Abstract: The recognition of microbes or microbial products by leukocytes is a key event in innate immunity. Binding of microbial products to cell surface receptors on phagocytes induce a response that includes the production of inflammatory mediators. One such mediator is the cytokine tumour necrosis factor alpha (TNF). TNF is a pleotropic cytokine with actions ranging from tissue injury to septic chock. This thesis is based on studies performed with the use of different stimuli (either bacteria, the bacterial product LPS or direct activators of protein kinases) which induce TNF production in cells of the monocytic lineage. The main focus has been to study the signal transduction pathway regulating TNF expression.

Dexamethasone, a synthetic glucocorticoid, inhibits bacteria-induced TNF production in mouse macrophages. Effects on TNF expression when cells are pretreated with dexamethasone are a decrease in gene transcription as well as posttranscriptional inhibition. Okadaic acid, a protein phosphatase inhibitor, seems to overcome the posttranscriptional inhibition exerted by dexamethasone when TNF expression is induced.

The posttranscriptional regulation of TNF was further studied in human monocytic THP-1 cells. THP-1 cells express TNF mRNA when unstimulated, but produce no TNF protein. Induction of TNF production can be achieved by activation of the classical MAP kinase or p38 MAP kinase pathways without any significant change in gene transcription.

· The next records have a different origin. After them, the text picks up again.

(* Let $S\subset\mathbb{R}^n$ be a nonempty nearly convex set, let $\varphi\colon\mathbb{R}^n\to\overline{\mathbb{R}}$ be a nearly convex function bounded from below on $S$, and assume $$\mathrm{ri}(\mathrm{dom}\, \varphi)\cap\mathrm{ri}\, S\neq \emptyset.$$ Let $\varepsilon>0$. Then $\bar x\in S$ is an $\varepsilon$-solution of the problem $\inf\{\varphi(x)\mid x\in S\}$ if and only if there exist $\varepsilon_1, \varepsilon_2\geq 0$ with $\varepsilon_1+\varepsilon_2=\varepsilon$ such that $$0\in \partial_{\varepsilon_1}\varphi(\bar x)+ N_{\varepsilon_2}(\bar x; S).$$
   Context: A set $D$ is nearly convex if there is a convex $E$ with $E\subset D\subset\overline{E}$; a function is nearly convex if its epigraph $\{(x,\alpha)\mid\alpha\ge\varphi(x)\}$ is nearly convex; $\mathrm{dom}\,\varphi=\{x\mid\varphi(x)<\infty\}$. $\mathrm{ri}\,D=\{a\in D\mid\exists\delta>0,\ B(a;\delta)\cap\mathrm{aff}\,D\subset D\}$. A point $\bar x\in S$ is an $\varepsilon$-solution of $\inf\{\varphi(x)\mid x\in S\}$ if $\varphi(\bar x)\le\varphi(x)+\varepsilon$ for all $x\in S$. $\partial_\varepsilon\varphi(\bar x)=\{\xi\mid\langle\xi,x-\bar x\rangle-\varepsilon\le\varphi(x)-\varphi(\bar x)\ \forall x\in\mathbb{R}^n\}$ and $N_\varepsilon(\bar x;S)=\{\xi\mid\langle\xi,x-\bar x\rangle\le\varepsilon\ \forall x\in S\}$. *)

theory Defs
  imports "HOL-Analysis.Analysis" "HOL-Library.Extended_Real"
begin

definition nearly_convex_set :: "'a::real_normed_vector set \<Rightarrow> bool" where
  "nearly_convex_set D \<longleftrightarrow> (\<exists>E. convex E \<and> E \<subseteq> D \<and> D \<subseteq> closure E)"

definition epigraph :: "('a \<Rightarrow> ereal) \<Rightarrow> ('a \<times> real) set" where
  "epigraph \<phi> = {(x, \<alpha>). ereal \<alpha> \<ge> \<phi> x}"

definition nearly_convex_fun :: "('a::real_normed_vector \<Rightarrow> ereal) \<Rightarrow> bool" where
  "nearly_convex_fun \<phi> \<longleftrightarrow> nearly_convex_set (epigraph \<phi>)"

definition edom :: "('a \<Rightarrow> ereal) \<Rightarrow> 'a set" where
  "edom \<phi> = {x. \<phi> x < \<infinity>}"

definition eps_solution :: "('a \<Rightarrow> ereal) \<Rightarrow> 'a set \<Rightarrow> real \<Rightarrow> 'a \<Rightarrow> bool" where
  "eps_solution \<phi> S \<epsilon> xb \<longleftrightarrow> xb \<in> S \<and> (\<forall>x\<in>S. \<phi> xb \<le> \<phi> x + ereal \<epsilon>)"

definition eps_subdiff :: "real \<Rightarrow> ('a::real_inner \<Rightarrow> ereal) \<Rightarrow> 'a \<Rightarrow> 'a set" where
  "eps_subdiff \<epsilon> \<phi> xb =
     (if \<bar>\<phi> xb\<bar> \<noteq> \<infinity> then {\<xi>. \<forall>x. ereal (inner \<xi> (x - xb) - \<epsilon>) \<le> \<phi> x - \<phi> xb} else {})"

definition eps_normal :: "real \<Rightarrow> 'a::real_inner \<Rightarrow> 'a set \<Rightarrow> 'a set" where
  "eps_normal \<epsilon> xb S = {\<xi>. \<forall>x\<in>S. inner \<xi> (x - xb) \<le> \<epsilon>}"

end

theory Submission imports Defs begin

text \<open>If \<open>xb\<close> is an \<open>\<epsilon>\<close>-solution, then \<open>\<phi> \<ge> \<eta> := \<phi> xb - \<epsilon>\<close> on \<open>S\<close>. Take convex \<open>E\<close>, \<open>F\<close>
  with \<open>E \<subseteq> epi \<phi> \<subseteq> cl E\<close> and \<open>F \<subseteq> S \<subseteq> cl F\<close>. The relatively open convex sets \<open>ri E\<close> and
  \<open>ri F \<times> (-\<infinity>, \<eta>)\<close> are disjoint, so a hyperplane separates them strictly. It is not vertical:
  a common point \<open>z\<close> of \<open>ri (dom \<phi>)\<close> and \<open>ri S\<close> gives points \<open>(z, t) \<in> ri E\<close> and \<open>(z, s)\<close> with
  \<open>s \<rightarrow> -\<infinity>\<close> on the other side. Normalising its normal to \<open>(-\<xi>, 1)\<close> yields
  \<open>\<phi> x \<ge> \<eta> + \<langle>\<xi>, x - y\<rangle>\<close> for all \<open>x\<close> and all \<open>y \<in> S\<close>, and splitting \<open>\<epsilon>\<close> at
  \<open>inf\<^sub>y\<^sub>\<in>\<^sub>S \<langle>\<xi>, y\<rangle>\<close> gives \<open>\<xi> \<in> \<partial>\<^sub>\<epsilon>\<^sub>1\<phi>(xb)\<close> and \<open>-\<xi> \<in> N\<^sub>\<epsilon>\<^sub>2(xb; S)\<close>. The converse
  just adds the two defining inequalities.\<close>

lemma rel_interior_nearly_convex:
  fixes E D :: "'n::euclidean_space set"
  assumes "convex E" "E \<subseteq> D" "D \<subseteq> closure E"
  shows "rel_interior D = rel_interior E"
proof -
  have aff: "affine hull D = affine hull E"
    using hull_mono[OF assms(2), of affine] hull_mono[OF assms(3), of affine] by simp
  have "rel_interior E \<subseteq> rel_interior D"
    using rel_interior_mono[OF assms(2)] aff by simp
  moreover have "rel_interior D \<subseteq> rel_interior (closure E)"
    using rel_interior_mono[OF assms(3)] aff by simp
  ultimately show ?thesis using convex_rel_interior_closure[OF assms(1)] by auto
qed

lemma edom_eq_fst_epigraph: "edom \<phi> = fst ` epigraph \<phi>"
proof (intro set_eqI iffI)
  fix x assume "x \<in> edom \<phi>"
  then obtain t where "\<phi> x \<le> ereal t"
    by (cases "\<phi> x") (auto simp: edom_def)
  then show "x \<in> fst ` epigraph \<phi>"
    by (force simp: epigraph_def)
qed (auto simp: edom_def epigraph_def)

lemma rel_interior_edom_nearly_convex:
  fixes \<phi> :: "'n::euclidean_space \<Rightarrow> ereal"
  assumes "convex E" "E \<subseteq> epigraph \<phi>" "epigraph \<phi> \<subseteq> closure E"
  shows "rel_interior (edom \<phi>) = fst ` rel_interior E"
proof -
  have "rel_interior (edom \<phi>) = rel_interior (fst ` E)"
  proof (rule rel_interior_nearly_convex)
    show "convex (fst ` E)" using assms(1) by (intro convex_linear_image linear_fst)
    show "fst ` E \<subseteq> edom \<phi>"
      unfolding edom_eq_fst_epigraph using assms(2) by (rule image_mono)
    have "edom \<phi> \<subseteq> fst ` closure E"
      unfolding edom_eq_fst_epigraph using assms(3) by (rule image_mono)
    then show "edom \<phi> \<subseteq> closure (fst ` E)"
      using closure_linear_image_subset[OF linear_fst] by (rule order_trans)
  qed
  then show ?thesis using rel_interior_convex_linear_image[OF linear_fst assms(1)] by simp
qed

lemma separating_hyperplane_rel_open:
  fixes C D :: "'n::euclidean_space set"
  assumes "convex C" "convex D" "rel_interior C = C" "rel_interior D = D" "C \<inter> D = {}"
  shows "\<exists>a. \<forall>p\<in>C. \<forall>q\<in>D. a \<bullet> q < a \<bullet> p"
proof -
  define f where "f = (\<lambda>w::'n \<times> 'n. fst w - snd w)"
  have "linear f" unfolding f_def by (intro linear_compose_sub linear_fst linear_snd)
  define K where "K = f ` (C \<times> D)"
  have "convex K" unfolding K_def by (intro convex_linear_image \<open>linear f\<close> convex_Times assms)
  have "rel_interior K = f ` rel_interior (C \<times> D)"
    unfolding K_def using rel_interior_convex_linear_image[OF \<open>linear f\<close> convex_Times[OF assms(1,2)]]
    by simp
  also have "\<dots> = K" unfolding K_def using rel_interior_Times[OF assms(1,2)] assms(3,4) by simp
  finally have ri_K: "rel_interior K = K" .
  have "0 \<notin> K" using assms(5) unfolding K_def f_def by auto
  have "\<exists>a. \<forall>k\<in>K. 0 < a \<bullet> k"
  proof (cases "0 \<in> closure K")
    case True
    moreover have "0 \<notin> rel_interior K" using \<open>0 \<notin> K\<close> ri_K by simp
    ultimately obtain a where "\<And>k. k \<in> rel_interior K \<Longrightarrow> a \<bullet> 0 < a \<bullet> k"
      using supporting_hyperplane_relative_frontier[OF \<open>convex K\<close>] by metis
    then show ?thesis using ri_K by auto
  next
    case False
    then obtain a b where "a \<bullet> 0 < b" "\<forall>k\<in>closure K. b < a \<bullet> k"
      using separating_hyperplane_closed_point[of "closure K" 0] \<open>convex K\<close> convex_closure by blast
    then have "\<forall>k\<in>K. 0 < a \<bullet> k" using closure_subset[of K] by fastforce
    then show ?thesis ..
  qed
  then show ?thesis unfolding K_def f_def by (auto simp: inner_diff_right)
qed

lemma separating_hyperplane_closure_le:
  fixes a :: "'n::real_inner"
  assumes "\<forall>p\<in>C. \<forall>q\<in>D. a \<bullet> q < a \<bullet> p" "p \<in> closure C" "q \<in> closure D"
  shows "a \<bullet> q \<le> a \<bullet> p"
proof -
  define H where "H = {w :: 'n \<times> 'n. a \<bullet> snd w \<le> a \<bullet> fst w}"
  have "closed H" unfolding H_def by (intro closed_Collect_le continuous_intros)
  moreover have "C \<times> D \<subseteq> H" using assms(1) unfolding H_def by fastforce
  ultimately have "closure C \<times> closure D \<subseteq> H" by (metis closure_Times closure_minimal)
  then show ?thesis using assms(2,3) unfolding H_def by auto
qed

lemma pos_if_mult_less_below:
  fixes \<mu> t \<eta> :: real
  assumes "\<And>s. s < \<eta> \<Longrightarrow> \<mu> * s < \<mu> * t"
  shows "0 < \<mu>"
proof (rule ccontr)
  assume "\<not> 0 < \<mu>"
  then have "\<mu> * t \<le> \<mu> * min (\<eta> - 1) t" by (simp add: mult_left_mono_neg)
  moreover have "\<mu> * min (\<eta> - 1) t < \<mu> * t" by (rule assms) simp
  ultimately show False by linarith
qed

lemma rel_interior_epigraph_disjoint_below:
  assumes "E \<subseteq> epigraph \<phi>" "F \<subseteq> S" "\<forall>y\<in>S. ereal \<eta> \<le> \<phi> y"
  shows "rel_interior E \<inter> (rel_interior F \<times> {..<\<eta>}) = {}"
proof (intro equals0I)
  fix p assume p: "p \<in> rel_interior E \<inter> (rel_interior F \<times> {..<\<eta>})"
  obtain x t where p_eq: "p = (x, t)" by (cases p)
  have "(x, t) \<in> epigraph \<phi>" using p p_eq assms(1) rel_interior_subset[of E] by blast
  then have "\<phi> x \<le> ereal t" by (simp add: epigraph_def)
  have "x \<in> S" "t < \<eta>" using p p_eq assms(2) rel_interior_subset[of F] by auto
  with assms(3) \<open>\<phi> x \<le> ereal t\<close> show False
    by (metis ereal_less_eq(3) not_le order_trans)
qed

TNF mRNA expression is not detectable in primary mouse macrophages but when challenged with LPS, TNF mRNA and subsequent protein production increases. TNF production is regulated both at the level of gene transcription and translation of the transcripts. The kinase Mnk1, activated by ERK and/or p38, phosphorylates the translation initiation factor eIF4E and this correlates with TNF production. A proposed signalling pathway to translational regulation of TNF in mouse macrophages is presented.